Error handling & logging

• Never expose stack traces, internal paths, or DB errors to end users. Log internally, return generic message.
• Never log secrets, passwords, tokens, or PII — even at DEBUG level.
• Fail closed: on unexpected error, deny access rather than granting it.

Minimal privilege

• Functions, processes, and services request only the permissions they actually need.
• Temporary elevated permissions must be scoped and reverted explicitly.

---

Communication mode: radical honesty

• TRUTH OVER COMFORT — Point out flaws immediately. No sugarcoating, no "not bad but…".
• ZERO COMPLACENCY — Never validate an idea just because I proposed it. Evaluate arguments on merit.
• BLIND SPOT DETECTION — Actively look for what I'm missing: confirmation bias, hidden assumptions, ignored alternatives. Flag them without waiting for permission.
• ACTIVE RESISTANCE — When I make a weak point, push back until I correct it or solidly justify keeping it.
• UNCERTAINTY TRANSPARENCY — If you don't know, say so. No invention, no vague answers to save face.

Health Stack

• shell: shellcheck .sh hooks/.sh lib/*.sh

Skill routing

When the user's request matches an available skill, ALWAYS invoke it using the Skill tool as your FIRST action. Do NOT answer directly, do NOT use other tools first.
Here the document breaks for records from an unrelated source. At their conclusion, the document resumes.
lemma same_metasyndrome_flip_cluster:
  assumes fin: "finite {v. eta v}" "finite {v. beta v}"
    and K: "K \<subseteq> {v. marked n mx T eta beta v}"
    and closed: "\<And>a b. a \<in> K \<Longrightarrow> marked n mx T eta beta b \<Longrightarrow> gx_adj n mx HX T a b \<Longrightarrow> b \<in> K"
    and same: "same_metasyndrome (meta_checks n mx mz HX HZ T) eta beta"
  shows "same_metasyndrome (meta_checks n mx mz HX HZ T) eta (\<lambda>w. beta w \<noteq> (w \<in> K))"
  unfolding same_metasyndrome_def
proof
  fix A assume A: "A \<in> meta_checks n mx mz HX HZ T"
  have "K \<subseteq> gx_bulk n mx T" using K unfolding marked_def by blast
  then have "finite K" using finite_subset finite_gx_bulk by blast
  have "A \<inter> {w. beta w \<noteq> (w \<in> K)} = (A \<inter> {v. beta v} - A \<inter> K) \<union> (A \<inter> K - A \<inter> {v. beta v})"
    by blast
  then have "even (card (A \<inter> {w. beta w \<noteq> (w \<in> K)})) = even (card (A \<inter> {v. beta v}))"
    using even_card_sym_diff[of "A \<inter> {v. beta v}" "A \<inter> K"] fin(2) \<open>finite K\<close>
      even_card_meta_check_Int_cluster[OF assms A] by simp
  then show "even (card (A \<inter> {w. beta w \<noteq> (w \<in> K)})) = even (card (A \<inter> {v. eta v}))"
    using same A unfolding same_metasyndrome_def by simp
qed

text \<open>Flipping \<open>\<beta>\<close> on a maximal marked cluster keeps the meta-syndrome, so by minimality the
  decoder already disagrees with \<open>\<eta>\<close> on at least half of the cluster, i.e. \<open>\<eta>\<close> covers half of it.\<close>
lemma min_weight_decoding_cluster_le:
  assumes eta: "{v. eta v} \<subseteq> atg_bulk n mx mz T"
    and dec: "min_weight_decoding n mx mz HX HZ T eta beta"
    and K: "K \<subseteq> {v. marked n mx T eta beta v}"
    and closed: "\<And>a b. a \<in> K \<Longrightarrow> marked n mx T eta beta b \<Longrightarrow> gx_adj n mx HX T a b \<Longrightarrow> b \<in> K"
  shows "card K \<le> 2 * card (K \<inter> {v. eta v})"
proof -
  define Bs where "Bs = {v. beta v}"
  have Bs: "Bs \<subseteq> atg_bulk n mx mz T" "same_metasyndrome (meta_checks n mx mz HX HZ T) eta beta"
    using dec unfolding min_weight_decoding_def Bs_def by blast+
  have "K \<subseteq> gx_bulk n mx T" using K unfolding marked_def by blast
  then have fin: "finite Bs" "finite {v. eta v}" "finite K"
    using finite_subset[OF Bs(1) finite_atg_bulk] finite_subset[OF eta finite_atg_bulk]
      finite_subset[OF _ finite_gx_bulk] by blast+
  have KA: "K \<subseteq> atg_bulk n mx mz T"
    using \<open>K \<subseteq> gx_bulk n mx T\<close> gx_bulk_subset_atg_bulk by blast
  have flip: "{w. beta w \<noteq> (w \<in> K)} = (Bs - K) \<union> (K - Bs)" unfolding Bs_def by auto
  have "{w. beta w \<noteq> (w \<in> K)} \<subseteq> atg_bulk n mx mz T"
    using Bs(1) KA unfolding flip by blast
  moreover have "same_metasyndrome (meta_checks n mx mz HX HZ T) eta (\<lambda>w. beta w \<noteq> (w \<in> K))"
    using same_metasyndrome_flip_cluster[OF fin(2) _ K closed Bs(2)] fin(1) unfolding Bs_def .
  ultimately have "card Bs \<le> card {w. beta w \<noteq> (w \<in> K)}"
    using dec unfolding min_weight_decoding_def Bs_def by blast
  moreover have "card {w. beta w \<noteq> (w \<in> K)} + 2 * card (K \<inter> Bs) = card Bs + card K"
    using card_sym_diff_add[OF fin(1,3)] unfolding flip by (simp add: Int_commute)
  ultimately have "2 * card (K \<inter> Bs) \<le> card K" by linarith
  moreover have "K \<inter> {v. eta v} = K - Bs" using K unfolding marked_def Bs_def by auto
  moreover have "card K = card (K \<inter> Bs) + card (K - Bs)"
    by (rule card_Int_Diff[OF fin(3)])
  ultimately show ?thesis by simp
qed
lemma subvector_at:
  assumes "i < N" and "Nb \<subseteq> {j. j < N \<and> adjacent E i j}" and "\<mu> * x i \<le> sum x Nb"
  shows "\<mu> * x i \<le> (adj_matrix N E *\<^sub>v vec N x) $ i"
proof -
  have "sum x Nb \<le> (adj_matrix N E *\<^sub>v vec N x) $ i"
    by (rule adj_matrix_mult_vec_ge[OF assms(1,2)]) (rule x_nonneg)
  with assms(3) show ?thesis by linarith
qed

lemma subvector_leg:
  assumes "adjacent E c a" "adjacent E a b" "b \<noteq> c" "a < N" "b < N" "c < N"
    and "x c = w * path_weight s 3" "x a = w * path_weight s 2" "x b = w * path_weight s 1"
  shows "\<mu> * x a \<le> (adj_matrix N E *\<^sub>v vec N x) $ a"
    and "\<mu> * x b \<le> (adj_matrix N E *\<^sub>v vec N x) $ b"
proof -
  have "\<mu> * x a = w * (path_weight s 3 + path_weight s 1)"
    by (simp only: assms(8) mult.left_commute[of \<mu> w] path_weight_3[OF s_nonzero, symmetric])
  then have "\<mu> * x a = x c + x b"
    using assms(7,9) by (simp add: distrib_left)
  then show "\<mu> * x a \<le> (adj_matrix N E *\<^sub>v vec N x) $ a"
    using assms(1-6) by (intro subvector_at[of _ "{c, b}"]) (auto simp: adjacent_sym)
  have "\<mu> * x b = x a"
    by (simp only: assms(8,9) mult.left_commute[of \<mu> w] path_weight_2[OF s_nonzero, symmetric])
  then show "\<mu> * x b \<le> (adj_matrix N E *\<^sub>v vec N x) $ b"
    using assms(2,4,5) by (intro subvector_at[of _ "{a}"]) (auto simp: adjacent_sym)
qed

lemma subvector_center: "\<mu> * x 0 \<le> (adj_matrix N E *\<^sub>v vec N x) $ 0"
proof (rule subvector_at[of _ "{1, h + 1, arm 1}"])
  have S: "h + 3 \<le> S" using q1 by (simp add: S_def)
  show "0 < N" by (simp add: N_eq)
  show "{1, h + 1, arm 1} \<subseteq> {j. j < N \<and> adjacent E 0 j}"
    using adjacent_edges(1,3) adjacent_edges(5)[of 0] q2 S N_eq by (auto simp: arm_def v2_def)
  have "sum x {1, h + 1, arm 1} = 2 * path_weight s 2 + arm_weight s 1"
    using x_center_legs x_arm[of 1] q2 S h by (simp add: arm_def)
  also have "\<dots> = \<mu> * x 0"
    using arm_weight_1[OF s_nonzero] by (simp add: x_center_legs arm_weight_0)
  finally show "\<mu> * x 0 \<le> sum x {1, h + 1, arm 1}" by simp
qed

lemma subvector_arm:
  assumes "m + 1 < q2"
  shows "\<mu> * x (arm (m + 1)) \<le> (adj_matrix N E *\<^sub>v vec N x) $ arm (m + 1)"
proof (rule subvector_at[of _ "{arm m, arm (m + 2)}"])
  have arm_less: "arm k < N" if "k \<le> q2" for k
    using that q2 N_eq by (auto simp: arm_def v2_def)
  show "arm (m + 1) < N" using assms arm_less by simp
  show "{arm m, arm (m + 2)} \<subseteq> {j. j < N \<and> adjacent E (arm (m + 1)) j}"
    using adjacent_edges(5)[of m] adjacent_edges(5)[of "m + 1"] assms arm_less
    by (auto simp: adjacent_sym)
  have "arm m \<noteq> arm (m + 2)" by (auto simp: arm_def)
  then show "\<mu> * x (arm (m + 1)) \<le> sum x {arm m, arm (m + 2)}"
    using assms x_arm arm_weight_rec[OF s_nonzero, of m] by simp
qed

lemma subvector_v2: "\<mu> * x v2 \<le> (adj_matrix N E *\<^sub>v vec N x) $ v2"
proof (rule subvector_at[of _ "insert (arm (q2 - 1)) ((\<lambda>a. v2 + 1 + 2 * a) ` {..<r2})"])
  let ?P = "path_weight s" and ?Z = "arm_weight s"
  show "v2 < N" by (simp add: N_eq)
  show "insert (arm (q2 - 1)) ((\<lambda>a. v2 + 1 + 2 * a) ` {..<r2}) \<subseteq> {j. j < N \<and> adjacent E v2 j}"
    using adjacent_edges(5)[of "q2 - 1"] adjacent_edges(6) q2 N_eq
    by (auto simp: adjacent_sym arm_q2[symmetric] arm_def v2_def)
  have P3: "?P 3 > 0" using path_weight_pos[OF s(1)] by simp
  have "arm (q2 - 1) \<notin> (\<lambda>a. v2 + 1 + 2 * a) ` {..<r2}"
    using q2 by (auto simp: arm_def v2_def)
  then have "sum x (insert (arm (q2 - 1)) ((\<lambda>a. v2 + 1 + 2 * a) ` {..<r2}))
      = ?Z (q2 - 1) + real r2 * (?Z q2 / ?P 3 * ?P 2)"
    using x_arm[of "q2 - 1"] x_v2_legs(1) by (simp add: sum.reindex inj_on_def)
  moreover have "?Z (q2 + 1) \<le> real r2 * (?Z q2 / ?P 3 * ?P 2)"
    using balance P3 by (simp add: field_simps)
  moreover have "?Z (q2 + 1) + ?Z (q2 - 1) = \<mu> * ?Z q2"
    using arm_weight_rec[OF s_nonzero, of "q2 - 1"] q2 by simp
  moreover have "\<mu> * x v2 = \<mu> * ?Z q2" using x_arm[of q2] by (simp add: arm_q2)
  ultimately show "\<mu> * x v2 \<le> sum x (insert (arm (q2 - 1)) ((\<lambda>a. v2 + 1 + 2 * a) ` {..<r2}))"
    by linarith
qed

lemma subvector: "i < N \<Longrightarrow> \<mu> * x i \<le> (adj_matrix N E *\<^sub>v vec N x) $ i"
proof -
  assume i: "i < N"
  have S: "h + 3 \<le> S" using q1 by (simp add: S_def)
  have below_N: "0 < N" "2 < N" "h + 2 < N" "v2 < N" using S q2 by (auto simp: N_eq v2_def)
  have S_less_v2: "S < v2" using q2 by (simp add: v2_def)
  consider "i = 0" | "i = 1 \<or> i = 2" | "i = h + 1 \<or> i = h + 2" | "S \<le> i" "i < v2" | "i = v2"
    | "v2 < i" | "i \<notin> {0, 1, 2, h + 1, h + 2}" "i < S"
    using S_less_v2 by (cases "i < S"; cases "i < v2"; cases "i = v2") auto
  then show ?thesis
  proof cases
    case 1
    then show ?thesis using subvector_center by simp
  next
    case 2
    then show ?thesis
      using subvector_leg[of 0 1 2 1] adjacent_edges(1,2) x_center_legs below_N by auto
  next
    case 3
    then show ?thesis
      using subvector_leg[of 0 "h + 1" "h + 2" 1] adjacent_edges(3,4) x_center_legs below_N by auto
  next
    case 4
    then have "i - S + 1 < q2" "i = arm (i - S + 1)" by (auto simp: arm_def v2_def)
    then show ?thesis using subvector_arm by metis
  next
    case 5
    then show ?thesis using subvector_v2 by simp
  next
    case 6
    then have "\<exists>a<r2. i = v2 + 1 + 2 * a \<or> i = v2 + 2 + 2 * a"
      using i unfolding N_eq by presburger
    then obtain a where a: "a < r2" "i = v2 + 1 + 2 * a \<or> i = v2 + 2 + 2 * a" by blast
    have "x v2 = arm_weight s q2 / path_weight s 3 * path_weight s 3"
      using x_arm[of q2] path_weight_pos[OF s(1), of 3] by (simp add: arm_q2)
    note leg = subvector_leg[OF adjacent_edges(6,7)[OF a(1)] _ _ _ _ this x_v2_legs[OF a(1)]]
    show ?thesis
      using a leg by (auto simp: N_eq)
  next
    case 7
    then have "x i = 0" using S_less_v2 by (auto simp: x_def)
    then show ?thesis using subvector_at[OF i, of "{}"] by simp
  qed
qed

lemma rho_ge: "\<mu> \<le> rho N E"
proof (rule rho_ge_subvector)
  show "0 < x 0" using path_weight_pos[OF s(1)] by (simp add: x_center_legs)
  show "0 < N" by (simp add: N_eq)
  show "0 < \<mu>" using s by (simp add: add_pos_pos)
qed (use x_nonneg subvector in auto)

end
The skill has specialized workflows that produce better results than ad-hoc answers.

Key routing rules:

• Product ideas, "is this worth building", brainstorming → invoke office-hours
• Bugs, errors, "why is this broken", 500 errors → invoke investigate, or bugfix if no gstack
• Small feature (1-5 files, lightweight) → invoke feat
• Quick fix (typo, CSS, config, max 2 files) → invoke hotfix
• Ship, deploy, push, create PR → invoke ship, or ship-feature if no gstack
• QA, test the site, find bugs → invoke qa
• Code review, check my diff → invoke review
• Update docs after shipping → invoke document-release, or doc if no gstack
• Stale docs audit, doc sync → invoke doc
• Weekly retro → invoke retro
• Design system, brand → invoke design-consultation and use ui-ux-pro-max if available
• Visual audit, design polish → invoke design-review which call ui-ux-pro-max
• Architecture review → invoke plan-eng-review
• Save progress, checkpoint, resume → invoke checkpoint
• Code quality, health check → invoke health
• Refactor without behavior change → invoke refactor
• Dead code, style cleanup → invoke code-clean
• SEO/GEO audit → invoke seo
• Web hardening (SSL/TLS, HSTS, CSP, HTTP→HTTPS, canonical, 404, .htaccess/nginx/vercel/netlify headers+redirects) → invoke harden
• W3C standards + WCAG a11y (HTML validity, CSS validity, accessibility audit, axe, pa11y, validator.w3.org, normes W3C) → invoke validate
• Deep analysis before any modification → invoke analyze
• Smart commit grouping → invoke commit-change
• Security audit (secrets, deps CVE, OWASP code-level) → invoke cso
• Initialize new project from scratch → invoke init-project
• Onboard existing project (config + archetype detection + full audit pipeline + backlog) → invoke onboard

Design gate (automatic): All lightweight skills (feat, hotfix, bugfix) include a design gate that auto-detects UI/style signals in the task. If design signals found and ui-ux-pro-max is inactive, the agent asks the user whether to activate it before proceeding. Gate spec: lib/design-gate.md. Orchestrators (ship-feature, init-project) already handle this via their STEP 0 plugin-check.